Electroacupuncture at Quchi and Zusanli treats cerebral ischemia-reperfusion injury through activation of ERK signaling.

The extracellular signal-regulated kinase (ERK) pathway, a critical mediator of cell proliferation, is activated in cerebral ischemia/reperfusion (I/R) injury and is therefore a key target in the treatment of ischemic stroke. Acupuncture has long been used in China to clinically treat stroke. However, the precise mechanism of its neuroprotective activities remains largely unknown. In the present study, a focal cerebral I/R-injured rat model was used to evaluate the in vivo therapeutic efficacy of electroacupuncture (EA) and investigate the underlying molecular mechanisms. EA significantly ameliorated neurological deficits and cerebral infarction in cerebral I/R-injured rats. Moreover, EA significantly increased the phosphorylation levels of ERK, as well as the protein expression levels of Ras, cyclin D1 and cyclin-dependent kinase (CDK)4. Consequently, EA-mediated activation of the ERK pathway resulted in the stimulation of cerebral cell proliferation. The present data suggest that EA at the Quchi and Zusanli acupoints exerts a neuroprotective effect in ischemic stroke via the activation of ERK signaling.

Introduction

Ischemic stroke, a commonly encountered and frequently occurring clinical disease, is a complication of hypertension, heart disease and diabetes mellitus (1), which occurs when the blood supply to a part of brain is interrupted or severely reduced, resulting in oxygen and nutrient deprivation in brain tissues (2). Acupuncture, a medicinal methodology originating in ancient China, has long been used as a complementary and alternative therapy in a number of East Asian countries as well as more recently in Western society (3). The clinical efficacy of acupuncture in stroke rehabilitation has been demonstrated in numerous studies (4–9) and the Zusanli (ST36) and Quchi (LI11) acupoints are the acupoints most commonly used to clinically treat stroke in China (10,11). However, the precise mechanism of the neuroprotective effect remains to be elucidated.

The pathogenic mechanisms of ischemic stroke are complex. During ischemia/reperfusion (I/R) injury, cells undergo rapid changes which lead to perturbations in signaling pathways, resulting in an imbalance between cell proliferation and apoptosis (12,13).

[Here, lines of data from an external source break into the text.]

text \<open>If \<open>X\<close> is computable, then the sets \<open>U\<^sub>i = {X\<restriction>i}\<close> form a uniformly c.e. sequence
  (enumerate the \<open>i\<close>-th prefix of \<open>X\<close> and halt on input \<open>\<sigma>\<close> exactly when \<open>\<sigma>\<close> equals it) with
  \<open>\<rho>(U\<^sub>i) = \<rho>(X\<restriction>i)\<close> and \<open>X \<in> \<Inter>\<^sub>i [U\<^sub>i]\<close>. The values \<open>\<rho>(X\<restriction>n)\<close> decrease, so they
  converge to their infimum; if that infimum were \<open>0\<close>, then \<open>(U\<^sub>i)\<close> would be a test
  capturing \<open>X\<close>, contradicting \<open>X \<in> W2R\<^sub>\<rho>\<close>.\<close>

lemma eval_list_all2_unique:
  "list_all2 (\<lambda>g y. eval g xs y \<and> (\<forall>z. eval g xs z \<longrightarrow> y = z)) gs ys \<Longrightarrow>
   list_all2 (\<lambda>g y. eval g xs y) gs ys' \<Longrightarrow> ys = ys'"
proof (induction gs arbitrary: ys ys')
  case Nil
  then show ?case by simp
next
  case (Cons g gs)
  then show ?case by (cases ys; cases ys') auto
qed

lemma eval_deterministic: "eval f xs y \<Longrightarrow> eval f xs z \<Longrightarrow> y = z"
proof (induction arbitrary: z rule: eval.induct)
  case (eval_Cn xs gs ys f w)
  from eval_Cn.prems obtain ys' where ys': "list_all2 (\<lambda>g y. eval g xs y) gs ys'" "eval f ys' z"
    by (cases rule: eval.cases) auto
  have "ys = ys'" using eval_Cn.IH(1) ys'(1) by (rule eval_list_all2_unique)
  then show ?case using eval_Cn.IH(2) ys'(2) by auto
next
  case (eval_Mn f n xs)
  from eval_Mn.prems obtain n' where n': "z = n'" "eval f (n' # xs) 0"
    "\<forall>m<n'. \<exists>y. eval f (m # xs) y \<and> y \<noteq> 0"
    by (cases rule: eval.cases) auto
  show ?case
  proof (rule linorder_cases[of n n'])
    assume "n < n'"
    then show ?thesis using n' eval_Mn.IH by force
  next
    assume "n' < n"
    then show ?thesis using n' eval_Mn.IH by metis
  qed (use n' in simp)
next
  case eval_Z
  from eval_Z.prems show ?case by (cases rule: eval.cases) auto
next
  case eval_S
  from eval_S.prems show ?case by (cases rule: eval.cases) auto
next
  case eval_Proj
  from eval_Proj.prems show ?case by (cases rule: eval.cases) auto
next
  case eval_Pr0
  from eval_Pr0.prems show ?case by (cases rule: eval.cases) (use eval_Pr0.IH in auto)
next
  case eval_PrS
  from eval_PrS.prems show ?case by (cases rule: eval.cases) (use eval_PrS.IH in auto)
qed

lemma eval_ProjI: "i < length xs \<Longrightarrow> y = xs ! i \<Longrightarrow> eval (Proj i) xs y"
  using eval_Proj by simp

lemma eval_SI: "y = Suc x \<Longrightarrow> eval Sf (x # xs) y"
  using eval_S by simp

lemma eval_Cn1: "eval g xs y \<Longrightarrow> eval f [y] z \<Longrightarrow> eval (Cn f [g]) xs z"
  by (rule eval_Cn[of _ _ "[y]"]) auto

lemma eval_Cn2:
  "eval g1 xs y1 \<Longrightarrow> eval g2 xs y2 \<Longrightarrow> eval f [y1, y2] z \<Longrightarrow> eval (Cn f [g1, g2]) xs z"
  by (rule eval_Cn[of _ _ "[y1, y2]"]) auto

definition add_recf :: recf where
  "add_recf = Pr (Proj 0) (Cn Sf [Proj 0])"

lemma eval_add_recf: "z = a + b \<Longrightarrow> eval add_recf [a, b] z"
proof (induction a arbitrary: z)
  case 0
  then show ?case unfolding add_recf_def by (auto intro!: eval_Pr0 eval_ProjI)
next
  case (Suc a)
  show ?case unfolding add_recf_def
    by (rule eval_PrS[OF Suc.IH[OF refl, unfolded add_recf_def]])
       (use Suc.prems in \<open>auto intro!: eval_Cn1 eval_ProjI eval_SI\<close>)
qed

definition mult_recf :: recf where
  "mult_recf = Pr Zf (Cn add_recf [Proj 0, Proj 2])"

lemma eval_mult_recf: "z = a * b \<Longrightarrow> eval mult_recf [a, b] z"
proof (induction a arbitrary: z)
  case 0
  then show ?case unfolding mult_recf_def by (auto intro!: eval.intros)
next
  case (Suc a)
  show ?case unfolding mult_recf_def
    by (rule eval_PrS[OF Suc.IH[OF refl, unfolded mult_recf_def]])
       (use Suc.prems in \<open>auto intro!: eval_Cn2 eval_ProjI eval_add_recf\<close>)
qed

definition pred_recf :: recf where
  "pred_recf = Pr Zf (Proj 1)"

lemma eval_pred_recf: "eval pred_recf [a] (a - 1)"
proof (induction a)
  case 0
  then show ?case unfolding pred_recf_def by (auto intro!: eval.intros)
next
  case (Suc a)
  show ?case unfolding pred_recf_def
    by (rule eval_PrS[OF Suc[unfolded pred_recf_def]]) (auto intro!: eval_ProjI)
qed

text \<open>Truncated subtraction with the arguments swapped: \<open>[a, b] \<mapsto> b - a\<close>.\<close>
definition minus_recf :: recf where
  "minus_recf = Pr (Proj 0) (Cn pred_recf [Proj 0])"

lemma eval_minus_recf: "eval minus_recf [a, b] (b - a)"
proof (induction a)
  case 0
  then show ?case unfolding minus_recf_def by (auto intro!: eval_Pr0 eval_ProjI)
next
  case (Suc a)
  show ?case unfolding minus_recf_def
    by (rule eval_PrS[OF Suc[unfolded minus_recf_def]])
       (auto intro!: eval_Cn1 eval_ProjI eval_pred_recf[of "b - a", simplified])
qed

definition dist_recf :: recf where
  "dist_recf = Cn add_recf [minus_recf, Cn minus_recf [Proj 1, Proj 0]]"

lemma eval_dist_recf: "eval dist_recf [a, b] ((b - a) + (a - b))"
  unfolding dist_recf_def
  by (auto intro!: eval_Cn2 eval_minus_recf eval_add_recf eval_ProjI)

definition pow2_recf :: recf where
  "pow2_recf = Pr (Cn Sf [Zf]) (Cn add_recf [Proj 0, Proj 0])"

lemma eval_pow2_recf: "eval pow2_recf [i] (2 ^ i)"
proof (induction i)
  case 0
  then show ?case unfolding pow2_recf_def by (auto intro!: eval_Pr0 eval_Cn1 eval_Z eval_SI)
next
  case (Suc i)
  show ?case unfolding pow2_recf_def
    by (rule eval_PrS[OF Suc[unfolded pow2_recf_def]])
       (auto intro!: eval_Cn2 eval_ProjI eval_add_recf)
qed

lemma str_code_snoc: "str_code (s @ [b]) = str_code s + 2 ^ length s * (if b then 2 else 1)"
  by (induction s) auto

Extracellular signal-regulated kinase (ERK) signaling is one of the major cell-survival and proliferation pathways. As a major subfamily of the mitogen-activated protein kinases (MAPKs), the activation of ERKs is regulated by a central three-tiered kinase core consisting of a MAPK kinase kinase (e.g., Raf), MAPK kinase (e.g., MEK) and MAPK, wherein Raf phosphorylates MEK which in turn phosphorylates and activates the ERK (14). By altering the levels and activities of transcription factors, the activation of the ERK pathway regulates the expression of various cell cycle-regulatory genes, including cyclin D1 and cyclin-dependent kinase (CDK)4, thus mediating the promotion of cell proliferation (15,16). The role of the ERK pathway in cerebral I/R injury has been studied intensively (17–19), suggesting that the activation of ERK signaling is a promising target for stroke treatment.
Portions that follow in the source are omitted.